Stored data entries
text \<open>The trace parametrizes the support monotonically, so \<open>\<mu>\<close> is the law of \<open>g\<close> applied to
  the quantile function of the trace of \<open>\<mu>\<close>.\<close>
lemma totally_ordered_msupport_imp_monotone:
  fixes K :: "(real^'n^'n) set"
  assumes K: "compact K" "K \<subseteq> psd_set" and \<mu>: "\<mu> \<in> prob_on K"
    and tot: "totally_ordered (msupport \<mu>)"
  shows "\<mu> \<in> monotone_measures"
proof -
  interpret prob_space \<mu> using prob_onD[OF \<mu>] by simp
  note sets_\<mu> = prob_onD(2)[OF \<mu>]
  define S where "S = msupport \<mu>"
  have SK: "S \<subseteq> K" and "compact S" and "S \<noteq> {}"
    unfolding S_def using msupport_prob_on[OF K(1) \<mu>] by auto
  have AE_S: "AE x in \<mu>. x \<in> S" unfolding S_def by (rule AE_in_msupport[OF sets_\<mu>])
  obtain g where gS: "\<And>t. g t \<in> S" and g_mono: "\<And>s t. s \<le> t \<Longrightarrow> loewner_le (g s) (g t)"
    and g_trace: "\<And>x. x \<in> S \<Longrightarrow> g (trace x) = x"
    using totally_ordered_trace_section[OF \<open>compact S\<close> \<open>S \<noteq> {}\<close>] tot unfolding S_def by metis
  obtain x0 where x0: "x0 \<in> S" "\<And>x. x \<in> S \<Longrightarrow> loewner_le x0 x"
    using totally_ordered_has_least[OF \<open>compact S\<close> \<open>S \<noteq> {}\<close>] tot unfolding S_def by metis
  have psd_S: "x \<in> psd_set" if "x \<in> S" for x using that SK K(2) by auto
  have g_meas: "g \<in> borel_measurable borel"
    using gS psd_S g_mono by (intro loewner_mono_borel_measurable) (auto simp: psd_set_def psd_def)
  have trace_meas: "trace \<in> borel_measurable \<mu>" using sets_\<mu> by simp
  obtain I where I_meas: "I \<in> borel_measurable borel" and I_mono: "mono_on {0<..<1} I"
    and I_distr: "distr unif01 borel I = distr \<mu> borel trace"
    using real_distribution_quantile[OF real_distribution_distr[OF trace_meas]] by metis
  have gI_meas: "(\<lambda>u. g (I u)) \<in> borel_measurable borel"
    using measurable_comp[OF I_meas g_meas] by (simp add: comp_def)
  define q where "q u = (if u \<in> {0<..<1} then g (I u) else x0)" for u
  have q_meas: "q \<in> borel_measurable borel"
    unfolding q_def by (intro measurable_If_set gI_meas) auto
  have "\<mu> = distr \<mu> borel (\<lambda>x. x)" using sets_\<mu> by (simp add: distr_id2)
  also have "\<dots> = distr \<mu> borel (g \<circ> trace)"
    using AE_S g_trace sets_\<mu> measurable_comp[OF trace_meas g_meas]
    by (intro distr_cong_AE) (auto elim: AE_mp)
  also have "\<dots> = distr unif01 borel (g \<circ> I)"
    using I_distr trace_meas I_meas g_meas by (simp add: distr_distr[symmetric])
  also have "\<dots> = distr unif01 borel q"
    using AE_unif01_in_Ioo q_meas gI_meas by (intro distr_cong_AE) (auto simp: q_def comp_def elim: AE_mp)
  finally have "\<mu> = distr unif01 borel q" .
  moreover have "loewner_le (q u) (q v)" if "u \<in> {0..<1}" "v \<in> {0..<1}" "u \<le> v" for u v
    using that g_mono I_mono x0 gS unfolding q_def mono_on_def by (auto simp: loewner_le_refl)
  ultimately show ?thesis
    using monotone_measuresI[OF q_meas] psd_S gS x0(1) unfolding q_def by auto
qed

lemma mono_prob_on_iff_totally_ordered_msupport:
  fixes K :: "(real^'n^'n) set"
  assumes "compact K" "K \<subseteq> psd_set" and \<mu>: "\<mu> \<in> prob_on K"
  shows "\<mu> \<in> mono_prob_on K \<longleftrightarrow> totally_ordered (msupport \<mu>)"
proof
  assume "\<mu> \<in> mono_prob_on K"
  then obtain q where "q \<in> borel_measurable borel" "\<mu> = distr unif01 borel q"
    "\<And>u v. u \<in> {0..<1} \<Longrightarrow> v \<in> {0..<1} \<Longrightarrow> u \<le> v \<Longrightarrow> loewner_le (q u) (q v)"
    unfolding mono_prob_on_def by (auto elim: monotone_measuresE)
  then show "totally_ordered (msupport \<mu>)" by (metis msupport_distr_unif01_totally_ordered)
next
  assume "totally_ordered (msupport \<mu>)"
  then show "\<mu> \<in> mono_prob_on K"
    using totally_ordered_msupport_imp_monotone[OF assms] \<mu> by (simp add: mono_prob_on_def)
qed

section \<open>Wasserstein distance and closedness\<close>

lemma product_coupling:
  fixes \<mu> \<nu> :: "'a::topological_space measure"
  assumes "prob_space \<mu>" "prob_space \<nu>" and sets: "sets \<mu> = sets borel" "sets \<nu> = sets borel"
  shows "\<mu> \<Otimes>\<^sub>M \<nu> \<in> couplings \<mu> \<nu>"
proof -
  interpret \<mu>: prob_space \<mu> by fact
  interpret \<nu>: prob_space \<nu> by fact
  interpret pair_prob_space \<mu> \<nu> ..
  have "distr (\<mu> \<Otimes>\<^sub>M \<nu>) borel fst = distr (\<mu> \<Otimes>\<^sub>M \<nu>) \<mu> fst"
    by (rule distr_cong) (auto simp: sets)
  also have "\<dots> = \<mu>" by (rule \<nu>.distr_pair_fst)
  finally have fst: "distr (\<mu> \<Otimes>\<^sub>M \<nu>) borel fst = \<mu>" .
  have snd: "snd \<in> measurable (\<mu> \<Otimes>\<^sub>M \<nu>) borel"
    by (subst measurable_cong_sets[OF refl sets(2)[symmetric]]) (rule measurable_snd)
  have "distr (\<mu> \<Otimes>\<^sub>M \<nu>) borel snd
      = distr (distr (\<nu> \<Otimes>\<^sub>M \<mu>) (\<mu> \<Otimes>\<^sub>M \<nu>) (\<lambda>(x, y). (y, x))) borel snd"
    by (simp only: distr_pair_swap[symmetric])
  also have "\<dots> = distr (\<nu> \<Otimes>\<^sub>M \<mu>) borel (snd \<circ> (\<lambda>(x, y). (y, x)))"
    by (rule distr_distr[OF snd measurable_pair_swap'])
  also have "\<dots> = distr (\<nu> \<Otimes>\<^sub>M \<mu>) \<nu> fst"
    by (rule distr_cong) (auto simp: sets)
  also have "\<dots> = \<nu>" by (rule \<mu>.distr_pair_fst)
  finally show ?thesis
    using fst prob_space_axioms sets_pair_measure_cong[OF sets] by (simp add: couplings_def)
qed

Try it:
Return every line from the entries above that includes the word "close".

Written solution:
text \<open>The trace parametrizes the support monotonically, so \<open>\<mu>\<close> is the law of \<open>g\<close> applied to
  the quantile function of the trace of \<open>\<mu>\<close>.\<close>
    using totally_ordered_trace_section[OF \<open>compact S\<close> \<open>S \<noteq> {}\<close>] tot unfolding S_def by metis
    using totally_ordered_has_least[OF \<open>compact S\<close> \<open>S \<noteq> {}\<close>] tot unfolding S_def by metis
section \<open>Wasserstein distance and closedness\<close>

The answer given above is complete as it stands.